#### [WHAT YOU SHOULD DO]
Wherever "quotient" appears in a line of the listing, report that line.
──────── RECORD EXCERPTS
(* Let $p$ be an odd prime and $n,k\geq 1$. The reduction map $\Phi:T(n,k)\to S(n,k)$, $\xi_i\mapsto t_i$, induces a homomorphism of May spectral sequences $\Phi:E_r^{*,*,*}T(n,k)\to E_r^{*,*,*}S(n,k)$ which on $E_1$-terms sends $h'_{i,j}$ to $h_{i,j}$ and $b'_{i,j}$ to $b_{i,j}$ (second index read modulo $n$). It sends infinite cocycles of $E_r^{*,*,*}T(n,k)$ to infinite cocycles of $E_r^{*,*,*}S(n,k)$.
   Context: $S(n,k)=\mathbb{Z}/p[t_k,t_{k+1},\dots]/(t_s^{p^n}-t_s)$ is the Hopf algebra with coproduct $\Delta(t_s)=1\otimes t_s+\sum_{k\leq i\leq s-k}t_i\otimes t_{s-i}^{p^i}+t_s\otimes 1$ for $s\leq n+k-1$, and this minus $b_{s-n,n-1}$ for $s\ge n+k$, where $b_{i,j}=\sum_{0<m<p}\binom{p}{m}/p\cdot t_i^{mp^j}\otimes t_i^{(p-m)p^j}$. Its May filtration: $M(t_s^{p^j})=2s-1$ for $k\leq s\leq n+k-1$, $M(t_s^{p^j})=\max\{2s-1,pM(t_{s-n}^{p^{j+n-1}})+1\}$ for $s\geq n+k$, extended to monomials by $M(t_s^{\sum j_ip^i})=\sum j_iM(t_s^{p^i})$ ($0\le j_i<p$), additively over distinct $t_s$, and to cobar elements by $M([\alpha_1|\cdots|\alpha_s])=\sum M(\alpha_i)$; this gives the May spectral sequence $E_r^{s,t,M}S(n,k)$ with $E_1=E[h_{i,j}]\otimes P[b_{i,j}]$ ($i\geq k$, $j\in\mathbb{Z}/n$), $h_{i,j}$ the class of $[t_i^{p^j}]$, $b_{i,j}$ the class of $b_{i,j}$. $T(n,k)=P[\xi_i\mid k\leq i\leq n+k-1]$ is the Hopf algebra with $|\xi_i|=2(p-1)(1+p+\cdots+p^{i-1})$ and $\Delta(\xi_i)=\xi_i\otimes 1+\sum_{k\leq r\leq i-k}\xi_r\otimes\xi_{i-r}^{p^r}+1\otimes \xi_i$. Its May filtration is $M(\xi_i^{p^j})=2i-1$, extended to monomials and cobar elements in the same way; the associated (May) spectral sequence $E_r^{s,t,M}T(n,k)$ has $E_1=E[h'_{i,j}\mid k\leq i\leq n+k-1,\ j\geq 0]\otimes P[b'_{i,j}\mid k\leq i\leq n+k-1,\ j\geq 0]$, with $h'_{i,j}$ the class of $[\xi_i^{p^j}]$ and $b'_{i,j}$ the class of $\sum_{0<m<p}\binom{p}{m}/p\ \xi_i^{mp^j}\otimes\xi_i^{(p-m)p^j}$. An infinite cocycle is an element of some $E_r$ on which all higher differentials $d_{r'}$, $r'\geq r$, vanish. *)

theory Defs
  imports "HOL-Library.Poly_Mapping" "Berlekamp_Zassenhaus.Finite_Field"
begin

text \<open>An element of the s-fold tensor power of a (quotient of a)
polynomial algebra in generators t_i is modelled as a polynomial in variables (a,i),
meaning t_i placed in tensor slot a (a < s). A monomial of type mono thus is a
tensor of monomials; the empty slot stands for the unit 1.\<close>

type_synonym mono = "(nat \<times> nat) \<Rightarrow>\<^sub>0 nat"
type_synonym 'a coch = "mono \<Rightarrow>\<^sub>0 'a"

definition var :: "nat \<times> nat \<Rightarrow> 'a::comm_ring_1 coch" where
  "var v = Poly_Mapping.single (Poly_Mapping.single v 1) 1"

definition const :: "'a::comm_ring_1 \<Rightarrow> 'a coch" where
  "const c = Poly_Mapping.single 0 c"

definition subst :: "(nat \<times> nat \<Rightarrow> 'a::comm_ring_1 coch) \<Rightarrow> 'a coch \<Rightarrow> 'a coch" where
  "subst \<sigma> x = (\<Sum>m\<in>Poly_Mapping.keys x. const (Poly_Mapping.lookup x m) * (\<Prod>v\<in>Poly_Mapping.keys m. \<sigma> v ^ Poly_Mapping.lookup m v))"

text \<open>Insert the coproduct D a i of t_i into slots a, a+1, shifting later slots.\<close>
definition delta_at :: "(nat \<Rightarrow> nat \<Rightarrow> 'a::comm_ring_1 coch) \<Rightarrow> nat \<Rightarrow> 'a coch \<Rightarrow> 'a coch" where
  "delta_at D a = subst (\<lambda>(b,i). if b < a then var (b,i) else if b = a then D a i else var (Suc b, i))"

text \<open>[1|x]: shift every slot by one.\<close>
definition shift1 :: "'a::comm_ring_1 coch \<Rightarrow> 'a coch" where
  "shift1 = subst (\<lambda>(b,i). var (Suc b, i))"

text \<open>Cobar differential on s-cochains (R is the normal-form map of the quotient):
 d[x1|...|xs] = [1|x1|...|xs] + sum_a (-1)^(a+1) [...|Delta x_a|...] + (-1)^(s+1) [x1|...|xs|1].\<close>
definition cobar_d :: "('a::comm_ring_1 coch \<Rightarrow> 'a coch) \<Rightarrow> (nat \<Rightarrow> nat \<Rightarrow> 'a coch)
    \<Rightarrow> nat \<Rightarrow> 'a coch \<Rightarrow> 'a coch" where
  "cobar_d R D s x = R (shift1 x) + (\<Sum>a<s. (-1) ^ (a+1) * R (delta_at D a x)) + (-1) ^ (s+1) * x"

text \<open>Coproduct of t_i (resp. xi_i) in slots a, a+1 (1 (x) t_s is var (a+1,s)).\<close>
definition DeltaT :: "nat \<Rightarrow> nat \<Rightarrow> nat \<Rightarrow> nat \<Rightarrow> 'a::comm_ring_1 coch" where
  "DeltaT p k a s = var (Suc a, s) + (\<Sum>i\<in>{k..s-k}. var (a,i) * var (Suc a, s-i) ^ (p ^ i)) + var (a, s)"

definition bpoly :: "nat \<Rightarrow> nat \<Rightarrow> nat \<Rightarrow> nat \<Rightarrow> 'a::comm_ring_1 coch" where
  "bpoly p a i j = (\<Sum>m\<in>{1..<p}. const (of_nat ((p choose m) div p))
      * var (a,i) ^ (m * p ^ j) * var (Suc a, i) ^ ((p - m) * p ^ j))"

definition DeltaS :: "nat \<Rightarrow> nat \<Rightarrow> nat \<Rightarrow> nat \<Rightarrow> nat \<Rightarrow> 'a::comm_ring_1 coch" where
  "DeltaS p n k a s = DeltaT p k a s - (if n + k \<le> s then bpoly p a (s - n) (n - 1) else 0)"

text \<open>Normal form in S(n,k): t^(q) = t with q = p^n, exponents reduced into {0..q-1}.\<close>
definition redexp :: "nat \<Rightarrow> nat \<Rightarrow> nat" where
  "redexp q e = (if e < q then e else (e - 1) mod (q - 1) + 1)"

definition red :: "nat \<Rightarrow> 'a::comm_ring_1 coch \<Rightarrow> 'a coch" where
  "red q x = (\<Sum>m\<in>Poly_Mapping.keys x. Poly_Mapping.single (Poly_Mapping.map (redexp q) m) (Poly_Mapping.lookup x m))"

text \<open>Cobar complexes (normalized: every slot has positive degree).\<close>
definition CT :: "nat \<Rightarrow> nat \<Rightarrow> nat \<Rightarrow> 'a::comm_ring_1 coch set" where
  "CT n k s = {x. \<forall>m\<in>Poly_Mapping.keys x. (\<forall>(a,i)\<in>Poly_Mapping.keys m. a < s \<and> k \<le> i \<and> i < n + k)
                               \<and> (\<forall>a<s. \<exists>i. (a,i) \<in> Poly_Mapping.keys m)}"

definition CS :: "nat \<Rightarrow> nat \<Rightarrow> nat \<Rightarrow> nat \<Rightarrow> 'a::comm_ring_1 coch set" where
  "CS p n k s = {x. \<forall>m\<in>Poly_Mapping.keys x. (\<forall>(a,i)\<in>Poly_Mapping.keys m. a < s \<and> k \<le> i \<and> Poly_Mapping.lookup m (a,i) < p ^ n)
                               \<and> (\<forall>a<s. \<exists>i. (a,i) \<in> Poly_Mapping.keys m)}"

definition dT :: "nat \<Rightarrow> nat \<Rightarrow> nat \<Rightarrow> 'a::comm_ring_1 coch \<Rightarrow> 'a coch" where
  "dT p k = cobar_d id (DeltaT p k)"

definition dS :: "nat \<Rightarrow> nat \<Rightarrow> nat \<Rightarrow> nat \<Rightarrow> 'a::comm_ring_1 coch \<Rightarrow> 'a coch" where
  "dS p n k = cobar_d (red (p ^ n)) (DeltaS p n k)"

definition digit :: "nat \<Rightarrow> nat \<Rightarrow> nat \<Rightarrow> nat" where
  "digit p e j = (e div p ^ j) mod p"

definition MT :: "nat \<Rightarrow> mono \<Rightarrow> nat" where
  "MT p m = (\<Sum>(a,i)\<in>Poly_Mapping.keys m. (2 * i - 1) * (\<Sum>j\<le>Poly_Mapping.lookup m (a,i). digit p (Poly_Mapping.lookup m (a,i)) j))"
────────────────
──────── RECORD EXCERPTS
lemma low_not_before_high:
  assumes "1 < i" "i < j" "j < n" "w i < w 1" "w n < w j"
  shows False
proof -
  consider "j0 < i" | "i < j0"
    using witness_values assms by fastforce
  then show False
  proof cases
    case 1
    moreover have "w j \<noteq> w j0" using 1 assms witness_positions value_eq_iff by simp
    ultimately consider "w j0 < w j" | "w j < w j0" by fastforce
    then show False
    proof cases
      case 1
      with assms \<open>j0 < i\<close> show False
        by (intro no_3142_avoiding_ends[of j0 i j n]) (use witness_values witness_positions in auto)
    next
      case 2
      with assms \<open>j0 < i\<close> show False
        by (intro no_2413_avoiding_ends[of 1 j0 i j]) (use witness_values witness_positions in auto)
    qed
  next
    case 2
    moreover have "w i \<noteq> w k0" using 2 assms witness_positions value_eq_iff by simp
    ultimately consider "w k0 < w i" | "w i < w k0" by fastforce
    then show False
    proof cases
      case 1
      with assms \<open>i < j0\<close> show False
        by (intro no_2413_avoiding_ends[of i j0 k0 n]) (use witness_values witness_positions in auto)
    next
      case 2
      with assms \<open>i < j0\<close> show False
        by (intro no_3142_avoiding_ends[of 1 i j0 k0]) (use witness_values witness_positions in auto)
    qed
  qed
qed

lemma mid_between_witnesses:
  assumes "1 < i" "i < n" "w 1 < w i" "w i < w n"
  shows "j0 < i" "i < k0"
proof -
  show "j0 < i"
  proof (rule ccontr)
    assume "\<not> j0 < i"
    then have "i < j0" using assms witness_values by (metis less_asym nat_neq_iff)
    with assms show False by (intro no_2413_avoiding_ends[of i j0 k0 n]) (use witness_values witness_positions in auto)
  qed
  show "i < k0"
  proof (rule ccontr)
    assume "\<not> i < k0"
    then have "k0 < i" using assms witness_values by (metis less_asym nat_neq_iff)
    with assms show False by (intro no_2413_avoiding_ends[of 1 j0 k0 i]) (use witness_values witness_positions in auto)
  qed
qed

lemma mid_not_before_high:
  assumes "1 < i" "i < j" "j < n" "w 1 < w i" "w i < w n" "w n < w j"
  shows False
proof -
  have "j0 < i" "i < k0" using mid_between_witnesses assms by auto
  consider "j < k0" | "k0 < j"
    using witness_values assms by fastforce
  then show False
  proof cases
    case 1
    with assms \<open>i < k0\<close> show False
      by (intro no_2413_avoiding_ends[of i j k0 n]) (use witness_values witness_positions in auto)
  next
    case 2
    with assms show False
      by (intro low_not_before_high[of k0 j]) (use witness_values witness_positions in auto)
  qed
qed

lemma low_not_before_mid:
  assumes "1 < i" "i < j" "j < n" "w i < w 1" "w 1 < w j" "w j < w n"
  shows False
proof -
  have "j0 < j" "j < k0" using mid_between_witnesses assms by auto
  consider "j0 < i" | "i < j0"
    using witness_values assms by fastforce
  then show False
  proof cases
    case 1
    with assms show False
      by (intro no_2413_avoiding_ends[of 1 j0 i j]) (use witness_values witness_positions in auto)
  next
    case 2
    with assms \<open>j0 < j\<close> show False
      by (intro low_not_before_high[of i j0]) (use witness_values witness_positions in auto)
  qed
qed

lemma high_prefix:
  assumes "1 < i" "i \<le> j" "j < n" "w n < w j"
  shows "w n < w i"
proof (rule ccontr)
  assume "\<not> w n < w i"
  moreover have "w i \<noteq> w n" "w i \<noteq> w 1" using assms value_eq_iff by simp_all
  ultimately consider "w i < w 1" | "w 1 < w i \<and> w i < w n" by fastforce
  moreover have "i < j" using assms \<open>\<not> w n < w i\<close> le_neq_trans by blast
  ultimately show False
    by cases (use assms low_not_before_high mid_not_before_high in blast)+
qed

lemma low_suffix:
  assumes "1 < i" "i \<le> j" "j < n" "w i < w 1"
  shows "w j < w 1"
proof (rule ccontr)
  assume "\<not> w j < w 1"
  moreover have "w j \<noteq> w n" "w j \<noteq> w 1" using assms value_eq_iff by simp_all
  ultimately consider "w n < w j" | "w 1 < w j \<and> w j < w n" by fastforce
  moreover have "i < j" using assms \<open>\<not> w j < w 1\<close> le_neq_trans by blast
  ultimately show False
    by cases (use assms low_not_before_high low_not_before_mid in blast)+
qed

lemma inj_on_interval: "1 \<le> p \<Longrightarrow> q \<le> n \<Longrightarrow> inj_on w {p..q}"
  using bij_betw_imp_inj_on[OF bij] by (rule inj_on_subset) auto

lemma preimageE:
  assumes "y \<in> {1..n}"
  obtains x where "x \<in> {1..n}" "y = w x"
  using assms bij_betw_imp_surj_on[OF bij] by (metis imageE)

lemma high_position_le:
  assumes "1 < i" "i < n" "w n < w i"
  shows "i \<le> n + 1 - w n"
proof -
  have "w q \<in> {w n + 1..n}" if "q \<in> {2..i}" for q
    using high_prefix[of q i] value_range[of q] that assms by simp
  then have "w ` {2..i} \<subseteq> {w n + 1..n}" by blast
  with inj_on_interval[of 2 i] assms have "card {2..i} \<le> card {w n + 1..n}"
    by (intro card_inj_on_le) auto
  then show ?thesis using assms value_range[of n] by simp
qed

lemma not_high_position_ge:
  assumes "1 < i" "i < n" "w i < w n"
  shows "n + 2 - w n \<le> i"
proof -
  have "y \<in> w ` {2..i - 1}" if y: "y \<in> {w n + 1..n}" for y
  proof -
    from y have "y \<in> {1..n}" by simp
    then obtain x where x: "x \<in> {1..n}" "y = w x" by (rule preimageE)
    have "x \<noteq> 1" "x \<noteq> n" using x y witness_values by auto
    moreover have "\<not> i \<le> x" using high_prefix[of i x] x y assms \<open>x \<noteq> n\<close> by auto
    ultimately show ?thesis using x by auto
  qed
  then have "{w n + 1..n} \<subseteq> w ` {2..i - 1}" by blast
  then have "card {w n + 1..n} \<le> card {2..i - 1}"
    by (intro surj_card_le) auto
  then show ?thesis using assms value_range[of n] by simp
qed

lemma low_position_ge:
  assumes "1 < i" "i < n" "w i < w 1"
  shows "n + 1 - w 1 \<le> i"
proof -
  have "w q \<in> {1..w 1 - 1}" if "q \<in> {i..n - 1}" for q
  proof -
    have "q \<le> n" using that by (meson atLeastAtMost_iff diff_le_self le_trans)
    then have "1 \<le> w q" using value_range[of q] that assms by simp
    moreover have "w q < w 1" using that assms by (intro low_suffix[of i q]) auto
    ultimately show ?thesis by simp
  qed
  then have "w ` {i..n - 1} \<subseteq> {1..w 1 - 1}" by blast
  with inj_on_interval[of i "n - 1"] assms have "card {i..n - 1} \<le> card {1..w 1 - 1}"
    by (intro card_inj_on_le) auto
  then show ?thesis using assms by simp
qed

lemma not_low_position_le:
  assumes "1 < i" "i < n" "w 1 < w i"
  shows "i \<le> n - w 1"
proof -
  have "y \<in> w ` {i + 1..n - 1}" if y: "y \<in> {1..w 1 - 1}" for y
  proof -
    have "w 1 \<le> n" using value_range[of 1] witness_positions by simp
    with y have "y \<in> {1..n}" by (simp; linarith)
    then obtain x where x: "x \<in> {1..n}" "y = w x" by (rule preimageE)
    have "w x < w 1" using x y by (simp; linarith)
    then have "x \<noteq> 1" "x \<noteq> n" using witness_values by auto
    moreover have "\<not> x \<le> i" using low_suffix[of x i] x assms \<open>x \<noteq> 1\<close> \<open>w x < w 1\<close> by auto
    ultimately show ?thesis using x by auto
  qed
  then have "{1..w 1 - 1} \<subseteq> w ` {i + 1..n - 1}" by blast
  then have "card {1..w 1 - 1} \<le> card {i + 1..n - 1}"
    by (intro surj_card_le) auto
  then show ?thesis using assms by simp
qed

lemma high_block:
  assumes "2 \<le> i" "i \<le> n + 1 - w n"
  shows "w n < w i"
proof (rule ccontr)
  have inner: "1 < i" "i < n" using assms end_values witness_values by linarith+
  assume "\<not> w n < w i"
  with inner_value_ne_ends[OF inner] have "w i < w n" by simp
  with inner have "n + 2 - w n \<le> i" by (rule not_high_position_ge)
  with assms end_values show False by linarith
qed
────────────────
──────── RECORD EXCERPTS
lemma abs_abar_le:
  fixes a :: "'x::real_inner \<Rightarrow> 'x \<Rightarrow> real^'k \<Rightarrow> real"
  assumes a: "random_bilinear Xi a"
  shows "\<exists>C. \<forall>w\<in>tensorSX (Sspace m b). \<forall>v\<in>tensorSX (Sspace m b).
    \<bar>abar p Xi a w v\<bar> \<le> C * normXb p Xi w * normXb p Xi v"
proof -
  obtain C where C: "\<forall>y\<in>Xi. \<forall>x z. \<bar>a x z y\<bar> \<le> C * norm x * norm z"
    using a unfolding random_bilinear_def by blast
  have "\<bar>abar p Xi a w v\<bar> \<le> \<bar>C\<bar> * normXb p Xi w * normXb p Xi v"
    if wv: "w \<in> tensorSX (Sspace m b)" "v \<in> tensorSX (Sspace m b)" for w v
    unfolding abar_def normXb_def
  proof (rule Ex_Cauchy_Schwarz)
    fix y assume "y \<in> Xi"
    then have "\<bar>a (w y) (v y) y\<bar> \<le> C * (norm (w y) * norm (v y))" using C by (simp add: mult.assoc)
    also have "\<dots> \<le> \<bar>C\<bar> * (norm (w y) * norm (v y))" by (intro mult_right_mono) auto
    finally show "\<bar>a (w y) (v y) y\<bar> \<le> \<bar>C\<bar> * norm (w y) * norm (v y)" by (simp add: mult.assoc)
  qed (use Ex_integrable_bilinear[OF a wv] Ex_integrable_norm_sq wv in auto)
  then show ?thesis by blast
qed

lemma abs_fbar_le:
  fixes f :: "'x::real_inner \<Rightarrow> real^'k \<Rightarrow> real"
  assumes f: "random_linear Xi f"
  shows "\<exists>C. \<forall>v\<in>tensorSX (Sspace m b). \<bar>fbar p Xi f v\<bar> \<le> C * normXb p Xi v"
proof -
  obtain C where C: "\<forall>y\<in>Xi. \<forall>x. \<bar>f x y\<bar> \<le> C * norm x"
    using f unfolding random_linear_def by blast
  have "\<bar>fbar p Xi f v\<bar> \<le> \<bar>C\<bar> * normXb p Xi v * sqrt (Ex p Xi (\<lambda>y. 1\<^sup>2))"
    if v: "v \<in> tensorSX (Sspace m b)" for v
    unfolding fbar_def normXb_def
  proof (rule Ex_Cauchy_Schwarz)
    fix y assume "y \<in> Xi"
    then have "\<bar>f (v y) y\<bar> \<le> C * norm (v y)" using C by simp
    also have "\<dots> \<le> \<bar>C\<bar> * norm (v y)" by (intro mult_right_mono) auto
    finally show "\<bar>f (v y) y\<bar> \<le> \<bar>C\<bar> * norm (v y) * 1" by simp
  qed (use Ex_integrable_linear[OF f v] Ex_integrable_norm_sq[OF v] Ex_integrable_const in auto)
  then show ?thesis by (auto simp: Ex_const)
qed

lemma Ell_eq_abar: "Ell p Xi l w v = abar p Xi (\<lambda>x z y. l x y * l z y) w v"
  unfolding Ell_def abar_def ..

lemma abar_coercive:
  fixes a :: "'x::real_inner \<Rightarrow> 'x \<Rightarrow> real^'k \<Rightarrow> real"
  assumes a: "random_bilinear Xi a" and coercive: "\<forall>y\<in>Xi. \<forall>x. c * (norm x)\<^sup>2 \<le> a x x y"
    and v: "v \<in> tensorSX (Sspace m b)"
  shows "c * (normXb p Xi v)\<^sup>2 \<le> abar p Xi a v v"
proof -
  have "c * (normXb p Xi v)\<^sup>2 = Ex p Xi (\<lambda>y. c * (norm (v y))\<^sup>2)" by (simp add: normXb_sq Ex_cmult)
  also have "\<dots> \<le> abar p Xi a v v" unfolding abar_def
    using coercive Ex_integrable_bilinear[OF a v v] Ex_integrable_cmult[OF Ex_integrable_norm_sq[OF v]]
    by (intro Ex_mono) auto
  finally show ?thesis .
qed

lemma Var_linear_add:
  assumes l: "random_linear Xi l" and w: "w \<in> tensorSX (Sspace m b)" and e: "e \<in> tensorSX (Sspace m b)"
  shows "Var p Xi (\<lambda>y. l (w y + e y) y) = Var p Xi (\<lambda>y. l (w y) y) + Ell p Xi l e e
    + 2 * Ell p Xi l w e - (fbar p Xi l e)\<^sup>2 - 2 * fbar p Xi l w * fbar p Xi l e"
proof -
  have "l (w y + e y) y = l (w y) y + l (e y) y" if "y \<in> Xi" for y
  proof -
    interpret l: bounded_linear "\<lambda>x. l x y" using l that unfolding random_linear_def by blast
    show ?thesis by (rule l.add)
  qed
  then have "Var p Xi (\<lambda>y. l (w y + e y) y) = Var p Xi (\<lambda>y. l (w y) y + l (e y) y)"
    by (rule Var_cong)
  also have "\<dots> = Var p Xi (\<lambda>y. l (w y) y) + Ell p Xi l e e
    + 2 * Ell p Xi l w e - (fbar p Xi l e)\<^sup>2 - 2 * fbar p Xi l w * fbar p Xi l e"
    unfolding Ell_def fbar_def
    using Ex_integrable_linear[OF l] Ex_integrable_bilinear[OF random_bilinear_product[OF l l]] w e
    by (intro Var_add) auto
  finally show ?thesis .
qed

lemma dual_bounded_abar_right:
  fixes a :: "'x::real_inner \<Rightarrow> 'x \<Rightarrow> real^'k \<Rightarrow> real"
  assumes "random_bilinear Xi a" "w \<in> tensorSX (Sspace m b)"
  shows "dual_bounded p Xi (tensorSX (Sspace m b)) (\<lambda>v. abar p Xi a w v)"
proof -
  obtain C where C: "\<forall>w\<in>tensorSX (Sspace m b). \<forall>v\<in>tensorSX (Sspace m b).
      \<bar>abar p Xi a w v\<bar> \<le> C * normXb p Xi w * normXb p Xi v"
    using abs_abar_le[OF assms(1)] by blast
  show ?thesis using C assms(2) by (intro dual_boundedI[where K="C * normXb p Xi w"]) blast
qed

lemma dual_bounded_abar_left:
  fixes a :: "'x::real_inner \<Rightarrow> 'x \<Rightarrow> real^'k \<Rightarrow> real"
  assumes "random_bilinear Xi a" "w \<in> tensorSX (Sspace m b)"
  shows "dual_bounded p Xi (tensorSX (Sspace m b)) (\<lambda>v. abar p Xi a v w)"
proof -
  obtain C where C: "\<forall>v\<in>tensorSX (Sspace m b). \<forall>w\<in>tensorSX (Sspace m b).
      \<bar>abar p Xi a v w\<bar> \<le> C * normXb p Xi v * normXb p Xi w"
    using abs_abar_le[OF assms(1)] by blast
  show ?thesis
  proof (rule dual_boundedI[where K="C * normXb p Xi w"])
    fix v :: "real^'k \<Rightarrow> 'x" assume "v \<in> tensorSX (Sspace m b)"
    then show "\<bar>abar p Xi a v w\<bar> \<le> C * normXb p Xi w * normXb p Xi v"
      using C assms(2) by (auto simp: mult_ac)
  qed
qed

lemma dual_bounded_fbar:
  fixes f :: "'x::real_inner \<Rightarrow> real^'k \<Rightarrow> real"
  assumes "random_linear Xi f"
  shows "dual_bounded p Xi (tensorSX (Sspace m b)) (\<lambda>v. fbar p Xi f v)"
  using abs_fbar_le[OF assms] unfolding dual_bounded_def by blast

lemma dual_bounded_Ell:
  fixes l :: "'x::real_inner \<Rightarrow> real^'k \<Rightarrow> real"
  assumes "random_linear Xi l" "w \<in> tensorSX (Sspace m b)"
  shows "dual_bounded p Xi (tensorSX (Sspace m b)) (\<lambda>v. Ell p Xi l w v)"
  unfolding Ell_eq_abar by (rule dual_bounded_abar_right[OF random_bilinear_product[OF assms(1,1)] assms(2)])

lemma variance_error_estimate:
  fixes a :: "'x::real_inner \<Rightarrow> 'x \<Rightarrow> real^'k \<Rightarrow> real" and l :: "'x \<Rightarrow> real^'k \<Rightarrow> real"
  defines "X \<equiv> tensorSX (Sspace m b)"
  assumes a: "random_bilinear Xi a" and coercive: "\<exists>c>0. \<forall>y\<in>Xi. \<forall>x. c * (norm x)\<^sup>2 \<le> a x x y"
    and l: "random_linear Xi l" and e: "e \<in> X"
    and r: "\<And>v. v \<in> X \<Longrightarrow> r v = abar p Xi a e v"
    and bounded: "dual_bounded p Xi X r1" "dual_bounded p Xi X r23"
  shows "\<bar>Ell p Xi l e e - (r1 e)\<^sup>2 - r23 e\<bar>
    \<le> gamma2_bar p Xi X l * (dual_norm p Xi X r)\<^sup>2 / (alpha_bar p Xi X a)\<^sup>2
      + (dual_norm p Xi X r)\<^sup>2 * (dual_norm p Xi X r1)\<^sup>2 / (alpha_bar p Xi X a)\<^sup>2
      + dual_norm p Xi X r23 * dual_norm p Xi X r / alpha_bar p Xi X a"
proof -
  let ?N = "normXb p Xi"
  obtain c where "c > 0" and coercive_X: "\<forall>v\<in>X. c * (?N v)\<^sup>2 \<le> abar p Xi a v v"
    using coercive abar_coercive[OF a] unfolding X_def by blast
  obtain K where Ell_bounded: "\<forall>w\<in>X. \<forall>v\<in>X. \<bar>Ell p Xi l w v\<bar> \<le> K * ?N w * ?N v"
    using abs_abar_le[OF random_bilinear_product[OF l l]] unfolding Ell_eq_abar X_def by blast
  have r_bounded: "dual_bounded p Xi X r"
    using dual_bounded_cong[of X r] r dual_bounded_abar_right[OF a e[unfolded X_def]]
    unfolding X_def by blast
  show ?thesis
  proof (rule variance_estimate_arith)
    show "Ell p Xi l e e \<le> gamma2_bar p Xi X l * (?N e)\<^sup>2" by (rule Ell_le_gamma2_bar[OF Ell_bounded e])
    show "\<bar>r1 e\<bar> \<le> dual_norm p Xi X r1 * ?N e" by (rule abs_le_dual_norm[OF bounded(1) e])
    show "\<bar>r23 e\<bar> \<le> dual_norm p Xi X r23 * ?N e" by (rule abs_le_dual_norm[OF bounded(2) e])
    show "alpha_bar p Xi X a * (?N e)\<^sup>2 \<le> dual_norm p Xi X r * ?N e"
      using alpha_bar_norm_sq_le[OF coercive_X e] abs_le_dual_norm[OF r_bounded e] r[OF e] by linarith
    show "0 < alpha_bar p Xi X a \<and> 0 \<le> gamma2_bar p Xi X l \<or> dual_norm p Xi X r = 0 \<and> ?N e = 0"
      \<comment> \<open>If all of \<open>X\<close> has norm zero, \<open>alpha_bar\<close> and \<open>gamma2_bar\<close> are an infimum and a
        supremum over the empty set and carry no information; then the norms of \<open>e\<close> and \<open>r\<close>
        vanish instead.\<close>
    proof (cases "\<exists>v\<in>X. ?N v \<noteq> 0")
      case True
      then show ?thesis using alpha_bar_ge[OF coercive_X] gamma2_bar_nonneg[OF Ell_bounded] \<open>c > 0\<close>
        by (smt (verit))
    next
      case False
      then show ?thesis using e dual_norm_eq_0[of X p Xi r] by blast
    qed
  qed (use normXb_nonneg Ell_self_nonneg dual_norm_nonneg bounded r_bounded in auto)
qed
────────────────
#### [RESULT]
text \<open>An element of the s-fold tensor power of a (quotient of a)
text \<open>Cobar differential on s-cochains (R is the normal-form map of the quotient):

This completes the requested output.